Hi all
On Wed, 31 May 2006, Stefan Teleman wrote:
On 5/31/06, Joerg Schilling <[EMAIL PROTECTED]> wrote:
Glenn Weinberg <[EMAIL PROTECTED]> wrote:
> If I'm reading the articles correctly, when they made the decision two
> years ago the information was, unfortunately, valid.
They did make the final decision last year.
The process did start in autumn 2000 when the Linux Verband Deutschland"
did aproach the OFD Niedersachsen and did tell them that Sun will shut down
Solaris x86 support. The final convincing work did start in autumn 2004.
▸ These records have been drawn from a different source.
lemma four_cycle_signing_reduction:
  assumes "finite E" "{a, v} \<in> E" "{v, b} \<in> E" "{b, c} \<in> E" "{c, a} \<in> E"
    and "distinct [a, v, b, c]" "3 \<le> degree E a" "3 \<le> degree E v" "3 \<le> degree E b" "3 \<le> degree E c"
  shows "signing_reduction E (E - {{a, v}, {v, b}, {b, c}, {c, a}})"
proof (rule replacement_signing_reduction[where K' = "{}", simplified Un_empty_right])
  let ?K = "{{a, v}, {v, b}, {b, c}, {c, a}}"
  have distinct_edges:
    "{a, v} \<notin> {{v, b}, {b, c}, {c, a}}" "{v, b} \<notin> {{b, c}, {c, a}}" "{b, c} \<noteq> {c, a}"
    using assms(6) by (auto simp: doubleton_eq_iff)
  have signed_degree_K: "signed_degree ?K g x = (if x \<in> {a, v} then g {a, v} else 0)
      + (if x \<in> {v, b} then g {v, b} else 0) + (if x \<in> {b, c} then g {b, c} else 0)
      + (if x \<in> {c, a} then g {c, a} else 0)" for g x
    using distinct_edges by (simp add: add.assoc)
  have sum_K: "(\<Sum>e\<in>?K. g e) = g {a, v} + g {v, b} + g {b, c} + g {c, a}" for g :: "'a set \<Rightarrow> int"
    using distinct_edges by (simp add: add.assoc)
  have deg_K: "degree ?K x = (if x \<in> {a, v, b, c} then 2 else 0)" for x
    using distinct_edges by simp (use assms(6) in auto)
  show "card {} < card ?K" using distinct_edges by simp
  show "even (degree {} x) = even (degree ?K x)" for x
    by (simp add: deg_K)
  show "degree ?K x < degree E x" if "degree {} x < degree ?K x" for x
    using that assms(6-10) by (auto simp: deg_K split: if_splits)
  show "\<exists>g. (\<forall>e\<in>?K. g e \<in> {1, -1}) \<and> (\<forall>x. signed_degree ?K g x = signed_degree {} f' x) \<and>
      (\<Sum>e\<in>?K. g e) = (\<Sum>e\<in>{}. f' e)" for f'
  proof (intro exI conjI allI)
    let ?g = "\<lambda>e. if e = {a, v} \<or> e = {b, c} then 1 else - 1 :: int"
    have g_values: "?g {a, v} = 1" "?g {v, b} = - 1" "?g {b, c} = 1" "?g {c, a} = - 1"
      using assms(6) by (auto simp: doubleton_eq_iff)
    show "\<forall>e\<in>?K. ?g e \<in> {1, -1}" by auto
    show "signed_degree ?K ?g x = signed_degree {} f' x" for x
      unfolding signed_degree_K g_values using assms(6) by auto
    show "(\<Sum>e\<in>?K. ?g e) = (\<Sum>e\<in>{}. f' e)"
      unfolding sum_K g_values by simp
  qed
qed (use assms in auto)

definition reducible_path :: "'a set set \<Rightarrow> 'a \<Rightarrow> 'a \<Rightarrow> 'a \<Rightarrow> 'a \<Rightarrow> bool" where
  "reducible_path E a v b c \<longleftrightarrow> {a, v} \<in> E \<and> {v, b} \<in> E \<and> {b, c} \<in> E \<and> distinct [a, v, b, c] \<and>
     3 \<le> degree E v \<and> 3 \<le> degree E b \<and> ({a, c} \<in> E \<longrightarrow> 3 \<le> degree E a \<and> 3 \<le> degree E c)"
(* Let $T>0$, $N=2$, $M=2$. Consider the problem of minimizing $\mathbb V(T)=\frac12(\xi_1(T)^2+\xi_2(T)^2)$ over $\alpha\in\mathcal U_2$, where $\dot\xi_i=-\xi_i+(1-\alpha_i)\bar\xi$ ($i=1,2$), $\bar\xi=\frac12(\xi_1+\xi_2)$, with initial datum satisfying $\bar\xi(0)>0$ and $\xi_1(0)>\xi_2(0)$. Let $\alpha\in\mathcal U_2$ be an optimal control whose trajectory $\xi$ satisfies $\xi_1(t)\ge\xi_2(t)$ for all $t\in[0,T]$. Define $t_0=2\ln\big(\xi_1(0)/(2\bar\xi(0))\big)$. Then: (i) If $\xi_2(0)>0$, then $(\alpha_1,\alpha_2)\equiv(1,1)$. (ii) If $\xi_2(0)\le0$ and $T\ge t_0$, then $\xi_2(T)=0$ and $\alpha_1\equiv1$; for instance the control $(\alpha_1,\alpha_2)=(1,0)$ on $[0,t_0)$ and $(1,1)$ on $[t_0,T]$ is optimal. Furthermore, if there exists $\bar t\in[0,T)$ with $\xi_2(\bar t)=0$, then $\xi_2(t)=0$ for all $t\in[\bar t,T]$. (iii) If $\xi_2(0)\le0$ and $T<t_0$, then there exists $t^*\in[0,T)$ such that $\alpha(t)=(0,0)$ for all $t\in[0,t^* )$ and $\alpha(t)=(1,0)$ for all $t\in[t^*,T]$.
   Context: $\mathcal U_2$ is the set of measurable $\alpha:[0,T]\to[0,1]^2$ with $\alpha_1(t)+\alpha_2(t)\le2$ for all $t$. *)

theory Defs
  imports "HOL-Analysis.Analysis"
begin

text \<open>The admissible control set U_2 (M = 2): measurable maps [0,T] -> [0,1]^2
  with alpha_1 + alpha_2 <= 2.  Values outside [0,T] are irrelevant.\<close>
definition admissible :: "real \<Rightarrow> (real \<Rightarrow> real \<times> real) \<Rightarrow> bool" where
  "admissible T \<alpha> \<longleftrightarrow>
     \<alpha> \<in> borel_measurable (restrict_space lebesgue {0..T}) \<and>
     (\<forall>t\<in>{0..T}. 0 \<le> fst (\<alpha> t) \<and> fst (\<alpha> t) \<le> 1 \<and> 0 \<le> snd (\<alpha> t) \<and> snd (\<alpha> t) \<le> 1
                 \<and> fst (\<alpha> t) + snd (\<alpha> t) \<le> 2)"
lemma uniform_limit_imp_L2_limit:
  fixes f :: "nat \<Rightarrow> real \<Rightarrow> real"
  assumes L: "L > 0" and f: "\<And>n. continuous_on {0..L} (f n)" and g: "continuous_on {0..L} g"
    and unif: "\<And>e. 0 < e \<Longrightarrow> \<exists>N. \<forall>n x. n \<ge> N \<and> x \<in> {0..L} \<longrightarrow> \<bar>f n x - g x\<bar> < e"
  shows "(\<lambda>n. L2_norm_sq L (\<lambda>x. f n x - g x)) \<longlonglongrightarrow> 0"
proof (rule LIMSEQ_I)
  fix r :: real assume r: "0 < r"
  define e where "e = sqrt (r / (2 * L))"
  have e: "e > 0" "e\<^sup>2 * L = r / 2" using r L by (simp_all add: e_def)
  obtain N where N: "\<And>n x. n \<ge> N \<Longrightarrow> x \<in> {0..L} \<Longrightarrow> \<bar>f n x - g x\<bar> < e"
    using unif[OF e(1)] by blast
  have "norm (L2_norm_sq L (\<lambda>x. f n x - g x) - 0) < r" if n: "n \<ge> N" for n
  proof -
    have "L2_norm_sq L (\<lambda>x. f n x - g x) \<le> (LINT x:{0..L}|lborel. e\<^sup>2)"
      unfolding L2_norm_sq_def
    proof (rule set_integral_mono)
      show "set_integrable lborel {0..L} (\<lambda>x. (f n x - g x)\<^sup>2)"
        by (rule borel_integrable_atLeastAtMost') (use f g in \<open>auto intro!: continuous_intros\<close>)
      show "(f n x - g x)\<^sup>2 \<le> e\<^sup>2" if "x \<in> {0..L}" for x
        using N[OF n that] by (simp add: abs_le_square_iff[symmetric] less_imp_le)
    qed (rule set_integrable_const_Icc)
    also have "\<dots> = r / 2" using L e(2) by (simp add: set_integral_const mult.commute)
    finally show ?thesis using L2_norm_sq_nonneg[of L "\<lambda>x. f n x - g x"] r by simp
  qed
  then show "\<exists>N. \<forall>n\<ge>N. norm (L2_norm_sq L (\<lambda>x. f n x - g x) - 0) < r" by blast
qed
(* Consider the following downlink scheduling model. There are $K$ users and discrete time slots $t=1,2,\dots$ of duration $\Delta_0>0$ on a channel of bandwidth $B>0$. In slot $t$ user $k$ has SNR $\phi_k(t)\ge 0$; for each $k$, $(\phi_k(t))_{t\ge1}$ is an i.i.d. sequence of continuous random variables, and the SNRs of different users are independent. Write $\mathbf{s}(t)=[\phi_1(t),\dots,\phi_K(t)]^{\rm T}$. A scheduling action in slot $t$ is $\mathbf{x}(t)=[x_1(t),\dots,x_K(t)]^{\rm T}$ with $x_k(t)\in\{0,1\}$ for all $k$ and $\sum_{k=1}^K x_k(t)\le 1$. For weights $\mathbf{w}\in\mathbb{R}^K$ with $\mathbf{w}>0$ (componentwise) and $\|\mathbf{w}\|_2=1$, the max-weight scheduler $\mu(\cdot|\mathbf{w})$ chooses in every slot $$\mathbf{x}(t)=\mu(\mathbf{s}(t)|\mathbf{w})\in\arg\max_{\mathbf{x}'}\sum_{k=1}^K x'_k\, w_k\,\Delta_0 B\log_2(1+\phi_k(t))$$ over all admissible actions $\mathbf{x}'$, and its average rates are $r_k^{\sim\mu(\cdot|\mathbf{w})}=\lim_{T\to\infty}\frac1T\sum_{t=1}^T x_k(t)\Delta_0B\log_2(1+\phi_k(t))$, $k=1,\dots,K$. Let the feasible rate region be $$\mathcal{F}=\Big\{\mathbf{r}\in\mathbb{R}^K:\ r_k=\lim_{T\to\infty}\frac1T\sum_{t=1}^T x_k(t)\Delta_0B\log_2(1+\phi_k(t))\ \forall k,\ \text{for some sequence of admissible actions }\mathbf{x}(t)\Big\}.$$ Then for every such $\mathbf{w}$, $$\mathbf{r}^{\sim\mu(\cdot|\mathbf{w})}=\arg\max_{\mathbf{r}\in\mathcal{F}}\langle \mathbf{w},\mathbf{r}\rangle .$$
   Context: $\langle\cdot,\cdot\rangle$ is the Euclidean inner product. $\mathbf{w}>0$ means every component is strictly positive. The limits defining average rates are assumed to exist, as in the model. *)

theory Defs
  imports "HOL-Probability.Probability"
begin

definition slot_rate :: "real \<Rightarrow> real \<Rightarrow> real \<Rightarrow> real" where
  "slot_rate \<Delta>0 B phi = \<Delta>0 * B * log 2 (1 + phi)"

definition admissible :: "('k::finite \<Rightarrow> real) \<Rightarrow> bool" where
  "admissible x \<longleftrightarrow> (\<forall>k. x k \<in> {0, 1}) \<and> (\<Sum>k\<in>UNIV. x k) \<le> 1"

definition sched_obj :: "real \<Rightarrow> real \<Rightarrow> ('k::finite \<Rightarrow> real) \<Rightarrow> ('k \<Rightarrow> real) \<Rightarrow> ('k \<Rightarrow> real) \<Rightarrow> real" where
  "sched_obj \<Delta>0 B w s x = (\<Sum>k\<in>UNIV. x k * w k * slot_rate \<Delta>0 B (s k))"

definition max_weight_scheduler ::
  "real \<Rightarrow> real \<Rightarrow> ('k::finite \<Rightarrow> real) \<Rightarrow> (('k \<Rightarrow> real) \<Rightarrow> ('k \<Rightarrow> real)) \<Rightarrow> bool" where
  "max_weight_scheduler \<Delta>0 B w mu \<longleftrightarrow>
     (\<forall>s. admissible (mu s) \<and>
          (\<forall>x'. admissible x' \<longrightarrow> sched_obj \<Delta>0 B w s x' \<le> sched_obj \<Delta>0 B w s (mu s)))"
(*
  Both sides are sums of the kernel mixed_sum w n j = \<Sum>i=1..w-2. 1/(n^(w-i) j^i) over the
  pairs with j odd and j < 2n. Off the diagonal the geometric sum gives
    mixed_sum w n j = 1/(j^(w-2) n (n-j)) - 1/(n^(w-1) (n-j)).
  On the region j < n the first term is summed along columns (\<Sum>n>j. 1/(n(n-j)) = H_j/j), the
  second along rows; on n < j < 2n likewise, the columns now giving H_(j-1)/j, and the
  reflection j \<mapsto> 2n - j shows that the row sums are the same as on j < n. So the row sums
  cancel, the column sums leave \<Sum>j odd. (H_j - H_(j-1))/j^(w-1) = \<lambda>(w), and the diagonal adds
  (w-2) \<lambda>(w). All terms are nonnegative, which justifies every rearrangement; convergence of
  the column and row sums follows from H_j \<le> 2 sqrt j.
*)

lemma has_sum_diff:
  fixes f g :: "'a \<Rightarrow> 'b::topological_ab_group_add"
  assumes "(f has_sum a) A" "(g has_sum b) A"
  shows "((\<lambda>x. f x - g x) has_sum (a - b)) A"
  using has_sum_add[OF assms(1), of "\<lambda>x. - g x" "- b"] assms(2) by (simp add: has_sum_uminus)

lemma has_sum_sum:
  fixes f :: "'i \<Rightarrow> 'a \<Rightarrow> 'b::topological_comm_monoid_add"
  assumes "finite I" "\<And>i. i \<in> I \<Longrightarrow> (f i has_sum s i) A"
  shows "((\<lambda>x. \<Sum>i\<in>I. f i x) has_sum (\<Sum>i\<in>I. s i)) A"
  using assms by (induction I rule: finite_induct) (auto intro: has_sum_add)

lemma has_sum_by_rows:
  fixes f :: "'a \<times> 'b \<Rightarrow> real"
  assumes "\<And>p. p \<in> X \<Longrightarrow> f p \<ge> 0"
    and "\<And>x. ((\<lambda>y. f (x, y)) has_sum g x) {y. (x, y) \<in> X}"
    and "(g has_sum S) UNIV"
  shows "(f has_sum S) X"
proof -
  have X: "X = Sigma UNIV (\<lambda>x. {y. (x, y) \<in> X})" by auto
  have "f summable_on Sigma UNIV (\<lambda>x. {y. (x, y) \<in> X})"
    using assms X by (intro summable_on_SigmaI[where g = g]) (auto simp: summable_on_def)
  with assms have "(f has_sum S) (Sigma UNIV (\<lambda>x. {y. (x, y) \<in> X}))"
    by (intro has_sum_SigmaI[where g = g])
  with X show ?thesis by simp
qed
theorem theorem21:
  fixes q m n :: nat and g r :: "nat \<Rightarrow> 'a::{finite, field}"
  assumes "\<exists>p k. prime p \<and> k \<ge> 1 \<and> q = p ^ k"
    and "m \<ge> 1"
    and "card (UNIV :: 'a set) = q ^ m"
    and "Fq_lin_indep q n g"
  shows "interp_module q n g r =
    {(f, h). f \<in> Lq q \<and> h \<in> Lq q \<and> (\<forall>i<n. poly f (g i) + poly h (r i) = 0)}"
proof -
  obtain p k where p: "prime p" and "k \<ge> 1" and q: "q = p ^ k"
    using assms(1) by blast
  have "CHAR('a) = p"
    using CHAR_eq_if_card_eq_prime_power[OF p] assms(3) by (simp add: q power_mult[symmetric])
  moreover have "q \<ge> 2"
    using prime_ge_2_nat[OF p] self_le_power[of p k] \<open>k \<ge> 1\<close> by (simp add: q)
  ultimately interpret Fq_independent q k "TYPE('a)" m n g
    using p q assms(2-4) by unfold_locales auto
  show ?thesis
  proof (intro Set.set_eqI iffI)
    fix x assume "x \<in> interp_module q n g r"
    then show "x \<in> {(f, h). f \<in> Lq q \<and> h \<in> Lq q \<and> (\<forall>i<n. poly f (g i) + poly h (r i) = 0)}"
      using interp_module_member_vanishes by (cases x) simp
  next
    fix x assume "x \<in> {(f, h). f \<in> Lq q \<and> h \<in> Lq q \<and> (\<forall>i<n. poly f (g i) + poly h (r i) = 0)}"
    then show "x \<in> interp_module q n g r"
      using vanishing_pair_in_interp_module by (cases x) simp
  qed
qed

end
This is wy I did aproach Sun marketing at that time when I was in Menlo
Park.
>From the information I have, the final decision must have been made
recently.
Noone from OFD Niedersachsen has contacted KDE Solaris to at least ask
a generic question about whether or not KDE is supported on Solaris
X86.
As other already said: a number of mistakes were made some years back
which really confused the not too many Solaris x86 people out in the wild.
Nevertheless we should complain about but focus on what's ahead.
Before S10 and OpenSolaris came along Solaris simply wasn't ready for a
mass market. Maybe for a customer as the mentioned one but it simply
lacked a lot of things people just want to have. More on this further
down.
Another point mentioned in the refered article targets the support for the
latest greatest hardware. In my opinion this is a valid and severe point
for the OS. Customers like the fiscal authorities usually have to do
tenders to get a large number of almost identical PC style hardware. I'm
not talking servers but desktop clients. This means that they most likely
for most of the time end up with big vendors such as Dell, IBM, Fujitsu
Siemens, HP and so on. If you look closer up till recenty ALL of those
business boxes came with the latest Intel chipset and CPU. 95% still do as
it seems no one dares to put AMD in "business PCs" at a large scale.
Working for the infrastructure department of a german university we also
go through this once in a while. OS hardware support for this latest dies
is always given for Windows as but looking at the UNIX side it gets much
harder and Linux distros and developers to a pretty good job there. Even
FreeBSD and the others are behind so no wonder that the small but very
enthusiastic OpenSolaris community cannot really keep up coding for new
chipsets and on-board devices. Even if they could I doubt such customers
would go for it as Linux is just more hip and decision makers for sure
don't get grilled for picking it. Maybe those people would even consider
OpenSolaris "not ready for business".
Back to Sun itself: in my opinion they dropped the desktop many years ago
during the dot-gone era. They forgot about their own roots and the
university kids at the time didn't learn Solaris but Linux and those are
the ones to drive decisions today. Actually I do not believe that Sun as a
company really changed it's attitude. Sure they support AMD/Intel and have
nice servers and some workstations based on. Sure Solaris is a great OS
and in the meantime the compilers are superb. Also lots of old friends
such as Oracle are loyal to x86 but too many of the smaller ISVs didn't
really start yet supporting s10x86. They are either "Linux addicts" or are
still scared the Sun folks may change their mind again. This leads to a
situation where schools such as universities and others cannot provide
solutions to their customers, students and staff, not because of the OS
but because of a lack of supported applications.
Sounds like a Catch 22 to me
As long as this problem isn't solved or at least aggresivly addressed we
will be in a similar postions as the BSDs and Apple used to be. The
solution? I don't really know but have a new project/community for
OpenSolaris every other day and already 3 (4?) distributions creates a lot
of "friction". Maybe we, the OpenSolaris supporters, should ask the people
capable of kernel developing, to put more focus on the desktop by
supporting new commodity hardware. The more poeple you meet running
Solaris on their laptop/desktop the more others become aware of the choice
they have. The choice named *BSD is around for a decade but they also
just didn't manage or didn't want to make it 'sexy' enough. We should
make sure to be ready when people recognize that choices are important and
that stability and backwards compatibility are key. A hard way and tough
job but times were never better then today.